Exercise goal: Nothing but the lines below between the line holding "using assms(1) by (auto" and the line holding "Suc k) \<le> A", inclusive, should appear in the answer, each set down exactly.

Stored dataset items:
Segment Open

text \<open>Split \<open>A - b\<^sup>m = (A - A\<^sup>2) + (A\<^sup>2 - b\<^sup>m)\<close> with \<open>A = a\<^sup>m\<close>. Since \<open>a\<^sup>2 - b = 1/n\<^sup>2\<close> and
  \<open>n a = n - 1\<close>, the two power-difference bounds give \<open>(n - 1) (A\<^sup>2 - b\<^sup>m) \<le> A K \<le> A (1 - A)\<close>
  with \<open>K = m a\<^sup>m\<^sup>-\<^sup>1 / n\<close>.\<close>
lemma bootstrap_avoid_ineq:
  fixes n :: real
  assumes "2 \<le> n"
  defines "a \<equiv> 1 - 1 / n" and "b \<equiv> 1 - 2 / n"
  shows "(n - 1) * (a ^ Suc k - b ^ Suc k) \<le> n * a ^ Suc k * (1 - a ^ Suc k)"
proof -
  define A where "A = a ^ Suc k"
  define K where "K = real (Suc k) * a ^ k / n"
  have "0 \<le> a" "a \<le> 1" "0 \<le> b" "b \<le> a\<^sup>2" "a\<^sup>2 - b = 1 / n\<^sup>2" "n * a = n - 1"
    using assms(1) by (auto simp: a_def b_def power2_eq_square field_simps)
  have "A\<^sup>2 = (a\<^sup>2) ^ Suc k" unfolding A_def by (metis power_mult mult.commute)
  moreover have "(a\<^sup>2) ^ Suc k - b ^ Suc k \<le> real (Suc k) * (a\<^sup>2 - b) * (a\<^sup>2) ^ k"
    using \<open>0 \<le> b\<close> \<open>b \<le> a\<^sup>2\<close> by (rule power_diff_le_mult)
  ultimately have "(n - 1) * (A\<^sup>2 - b ^ Suc k) \<le> (n - 1) * (real (Suc k) * (a\<^sup>2 - b) * (a\<^sup>2) ^ k)"
    using assms(1) by (simp only:) (rule mult_left_mono, simp_all)
  also have "\<dots> = (n * a) * (real (Suc k) * (1 / n\<^sup>2) * (a\<^sup>2) ^ k)"
    using \<open>a\<^sup>2 - b = 1 / n\<^sup>2\<close> \<open>n * a = n - 1\<close> by simp
  also have "\<dots> = A * K"
    using assms(1) by (simp add: A_def K_def power2_eq_square power_mult_distrib field_simps)
  finally have upper: "(n - 1) * (A\<^sup>2 - b ^ Suc k) \<le> A * K" .
  have "real (Suc k) * (1 - a) * a ^ k \<le> 1 ^ Suc k - a ^ Suc k"
    using \<open>0 \<le> a\<close> \<open>a \<le> 1\<close> by (rule mult_le_power_diff)
  then have "A * K \<le> A * (1 - A)"
    using \<open>0 \<le> a\<close> by (intro mult_left_mono) (simp_all add: A_def K_def a_def)
  then have "(n - 1) * (A - b ^ Suc k) \<le> (n - 1) * (A - A\<^sup>2) + A * (1 - A)"
    using upper by (simp add: algebra_simps)
  also have "\<dots> = n * A * (1 - A)" by (simp add: algebra_simps power2_eq_square)
  finally show ?thesis by (simp add: A_def)
qed

lemma avoid_frac_bounds_Bootstrap:
  assumes "2 \<le> n" "1 \<le> m"
  defines "q \<equiv> avoid_frac Bootstrap n m 1" and "q2 \<equiv> avoid_frac Bootstrap n m 2"
  shows "0 < q \<and> q2 \<le> q \<and> q2 \<le> q\<^sup>2 \<and> (real n - 1) * (q - q2) \<le> real n * q * (1 - q)
           \<and> p_nm Bootstrap n m = 1 - q"
proof -
  define a b where "a = 1 - 1 / real n" and "b = 1 - 2 / real n"
  have "real n \<ge> 2" using assms(1) by simp
  have "q = a ^ m" "q2 = b ^ m"
    using assms(1) by (simp_all add: q_def q2_def avoid_frac_Bootstrap a_def b_def)
  moreover have "0 < a" "0 \<le> b" "b \<le> a" "b \<le> a\<^sup>2"
    using \<open>real n \<ge> 2\<close> by (auto simp: a_def b_def power2_eq_square field_simps)
  moreover have "(a ^ m)\<^sup>2 = (a\<^sup>2) ^ m" by (metis power_mult mult.commute)
  moreover obtain k where "m = Suc k" using assms(2) by (cases m) auto
  moreover have "p_nm Bootstrap n m = 1 - a ^ m" by (simp add: p_nm_def a_def)
  ultimately show ?thesis
    using bootstrap_avoid_ineq[OF \<open>real n \<ge> 2\<close>, of k] power_mono[of b a m] power_mono[of b "a\<^sup>2" m]
    by (simp only: a_def b_def) auto
qed

lemma avoid_frac_bounds_Subbagging:
  assumes "2 \<le> n" "m < n"
  defines "q \<equiv> avoid_frac Subbagging n m 1" and "q2 \<equiv> avoid_frac Subbagging n m 2"
  shows "0 < q \<and> q2 \<le> q \<and> q2 \<le> q\<^sup>2 \<and> (real n - 1) * (q - q2) \<le> real n * q * (1 - q)
           \<and> p_nm Subbagging n m = 1 - q"
proof -
  define t where "t = (real n - 1 - real m) / (real n - 1)"
  have q: "q = (real n - real m) / real n" and q2: "q2 = q * t"
    unfolding q_def q2_def t_def using assms(2)
    by (rule avoid_frac_Subbagging_1, simp add: avoid_frac_Subbagging_2[OF _ assms(1)])
  have "real m \<le> real n - 1" "real n \<ge> 2" using assms(1,2) by auto
  then have "0 < q" "0 \<le> t" "t \<le> 1" "t \<le> q" "(real n - 1) * (1 - t) = real m" "1 - q = real m / real n"
    by (auto simp: q t_def field_simps)
  moreover have "(real n - 1) * (q - q2) = real n * q * (1 - q)"
  proof -
    have "(real n - 1) * (q - q2) = q * ((real n - 1) * (1 - t))" by (simp add: q2 algebra_simps)
    also have "\<dots> = real n * q * (1 - q)"
      using \<open>(real n - 1) * (1 - t) = real m\<close> \<open>1 - q = real m / real n\<close> \<open>real n \<ge> 2\<close> by simp
    finally show ?thesis .
  qed
  moreover have "p_nm Subbagging n m = real m / real n" by (simp add: p_nm_def)
  ultimately show ?thesis by (simp add: q2 mult_left_le mult_left_mono power2_eq_square)
qed

lemma avoid_frac_bounds:
  assumes "2 \<le> n" "1 \<le> m" "s = Subbagging \<longrightarrow> m \<le> n - 1"
  defines "q \<equiv> avoid_frac s n m 1" and "q2 \<equiv> avoid_frac s n m 2"
  shows "0 < q" "q2 \<le> q" "q2 \<le> q\<^sup>2"
    and "(real n - 1) * (q - q2) \<le> real n * q * (1 - q)"
    and "p_nm s n m = 1 - q"
proof -
  have "0 < q \<and> q2 \<le> q \<and> q2 \<le> q\<^sup>2 \<and> (real n - 1) * (q - q2) \<le> real n * q * (1 - q)
        \<and> p_nm s n m = 1 - q"
    using assms avoid_frac_bounds_Bootstrap avoid_frac_bounds_Subbagging
    by (cases s) (simp_all add: Suc_le_eq)
  then show "0 < q" "q2 \<le> q" "q2 \<le> q\<^sup>2" "(real n - 1) * (q - q2) \<le> real n * q * (1 - q)"
    "p_nm s n m = 1 - q" by auto
qed

lemma leave_one_out_factor_le:
  assumes "2 \<le> n" "1 \<le> m" "s = Subbagging \<longrightarrow> m \<le> n - 1"
  shows "(avoid_frac s n m 1 - avoid_frac s n m 2) / (avoid_frac s n m 1)\<^sup>2
           \<le> real n / (real n - 1) * (p_nm s n m / (1 - p_nm s n m))"
proof -
  define q q2 where "q = avoid_frac s n m 1" and "q2 = avoid_frac s n m 2"
  note bounds = avoid_frac_bounds[OF assms, folded q_def q2_def]
  have "real n - 1 > 0" using assms(1) by simp
  then have "(q - q2) / q\<^sup>2 = (real n - 1) * (q - q2) / ((real n - 1) * q\<^sup>2)" by simp
  also have "\<dots> \<le> real n * q * (1 - q) / ((real n - 1) * q\<^sup>2)"
    using bounds(4) \<open>real n - 1 > 0\<close> by (intro divide_right_mono) auto
  also have "\<dots> = real n / (real n - 1) * ((1 - q) / (1 - (1 - q)))"
    using bounds(1) \<open>real n - 1 > 0\<close> by (simp add: power2_eq_square field_simps)
  finally show ?thesis by (simp add: bounds(5) q_def q2_def)
qed

section \<open>Leave-one-out stability of bagging\<close>

lemma nth_remove_nth:
  "k < length D - 1 \<Longrightarrow> remove_nth i D ! k = D ! (if k < i then k else Suc k)"
  by (auto simp: remove_nth_def nth_append min_def)
(* Let $\eta>0$, $\alpha\in(0,1)$, and run the generalized share algorithm with the mixing rule $\hat p_{j,t}=(1-\alpha)v_{j,t}+\alpha\,w_{j,t}/Z_t$ for $t\ge2$, where $w_{j,t}=\max_{s\le t}v_{j,s}$ and $Z_t=\sum_{i=1}^dw_{i,t}$. Then for all $T\ge1$, all loss vectors $\ell_1,\dots,\ell_T\in[0,1]^d$, and all $q_1,\dots,q_T\in\Delta_d$, \[ \sum_{t=1}^T\hat p_t^\top\ell_t-\sum_{t=1}^Tq_t^\top\ell_t\le\frac{n(q_1^T)\ln d}{\eta}+\frac\eta8T+\frac{m(q_1^T)}{\eta}\ln\frac T\alpha+\frac{T-m(q_1^T)-1}{\eta}\ln\frac1{1-\alpha}. \]
   Context: Let $d\ge1$ and $\Delta_d=\{q\in[0,1]^d:\sum_{i=1}^d q_i=1\}$. The generalized share algorithm with learning rate $\eta>0$ and mixing functions $\psi_t:[0,1]^{td}\to\Delta_d$ ($t\ge2$) works as follows: $\hat p_1=v_1=(1/d,\dots,1/d)$. At each round $t=1,2,\dots$ it predicts $\hat p_t=(\hat p_{1,t},\dots,\hat p_{d,t})\in\Delta_d$, observes a loss vector $\ell_t=(\ell_{1,t},\dots,\ell_{d,t})\in[0,1]^d$ (arbitrary), and suffers loss $\hat p_t^\top\ell_t$. It then forms the pre-weights $v_{j,t+1}=\hat p_{j,t}e^{-\eta\ell_{j,t}}/\sum_{i=1}^d\hat p_{i,t}e^{-\eta\ell_{i,t}}$ for $j=1,\dots,d$, sets $v_{t+1}=(v_{1,t+1},\dots,v_{d,t+1})$, and defines $\hat p_{t+1}=\psi_{t+1}(V_{t+1})$ where $V_{t+1}=[v_{i,s}]_{1\le i\le d,1\le s\le t+1}$ is the $d\times(t+1)$ matrix of all pre-weights so far. For $x,y\in\mathbb R_+^d$, $D_{\mathrm{TV}}(x,y)=\sum_{i:\,x_i\ge y_i}(x_i-y_i)$; for $u_1,\dots,u_T\in\mathbb R_+^d$ (with $u_t=(u_{1,t},\dots,u_{d,t})$), $m(u_1^T)=\sum_{t=2}^T D_{\mathrm{TV}}(u_t,u_{t-1})$ and $n(u_1^T)=\sum_{i=1}^d\max_{1\le t\le T}u_{i,t}$. *)

theory Defs
  imports "HOL-Analysis.Analysis"
begin

(* Experts are indexed by j \<in> {0..<d}; rounds by t \<ge> 1.
   Loss vectors: l t j = \<ell>_{j,t}.  Pre-weight matrix: V s j = v_{j,s} (s \<ge> 1).
   A mixing function psi t V gives \<hat>p_t from columns V 1, ..., V t. *)

primrec gs_state :: "nat \<Rightarrow> real \<Rightarrow> (nat \<Rightarrow> (nat \<Rightarrow> nat \<Rightarrow> real) \<Rightarrow> nat \<Rightarrow> real)
    \<Rightarrow> (nat \<Rightarrow> nat \<Rightarrow> real) \<Rightarrow> nat \<Rightarrow> (nat \<Rightarrow> nat \<Rightarrow> real) \<times> (nat \<Rightarrow> real)" where
  "gs_state d \<eta> psi l 0 = ((\<lambda>s j. 1 / real d), (\<lambda>j. 1 / real d))"
| "gs_state d \<eta> psi l (Suc k) =
     (let (V, p) = gs_state d \<eta> psi l k;
          t = Suc k;
          v' = (\<lambda>j. p j * exp (- \<eta> * l t j) / (\<Sum>i<d. p i * exp (- \<eta> * l t i)));
          V' = V(Suc t := v')
      in (V', psi (Suc t) V'))"

text \<open>State after round k: (pre-weights v_1..v_{k+1}, prediction p_{k+1}).\<close>

definition gs_pred :: "nat \<Rightarrow> real \<Rightarrow> (nat \<Rightarrow> (nat \<Rightarrow> nat \<Rightarrow> real) \<Rightarrow> nat \<Rightarrow> real)
    \<Rightarrow> (nat \<Rightarrow> nat \<Rightarrow> real) \<Rightarrow> nat \<Rightarrow> nat \<Rightarrow> real" where
  "gs_pred d \<eta> psi l t = snd (gs_state d \<eta> psi l (t - 1))"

Segment Closed

Response to the exercise:
    using assms(1) by (auto simp: a_def b_def power2_eq_square field_simps)
  have "A\<^sup>2 = (a\<^sup>2) ^ Suc k" unfolding A_def by (metis power_mult mult.commute)
  moreover have "(a\<^sup>2) ^ Suc k - b ^ Suc k \<le> real (Suc k) * (a\<^sup>2 - b) * (a\<^sup>2) ^ k"
    using \<open>0 \<le> b\<close> \<open>b \<le> a\<^sup>2\<close> by (rule power_diff_le_mult)
  ultimately have "(n - 1) * (A\<^sup>2 - b ^ Suc k) \<le> (n - 1) * (real (Suc k) * (a\<^sup>2 - b) * (a\<^sup>2) ^ k)"
    using assms(1) by (simp only:) (rule mult_left_mono, simp_all)
  also have "\<dots> = (n * a) * (real (Suc k) * (1 / n\<^sup>2) * (a\<^sup>2) ^ k)"
    using \<open>a\<^sup>2 - b = 1 / n\<^sup>2\<close> \<open>n * a = n - 1\<close> by simp
  also have "\<dots> = A * K"
    using assms(1) by (simp add: A_def K_def power2_eq_square power_mult_distrib field_simps)
  finally have upper: "(n - 1) * (A\<^sup>2 - b ^ Suc k) \<le> A * K" .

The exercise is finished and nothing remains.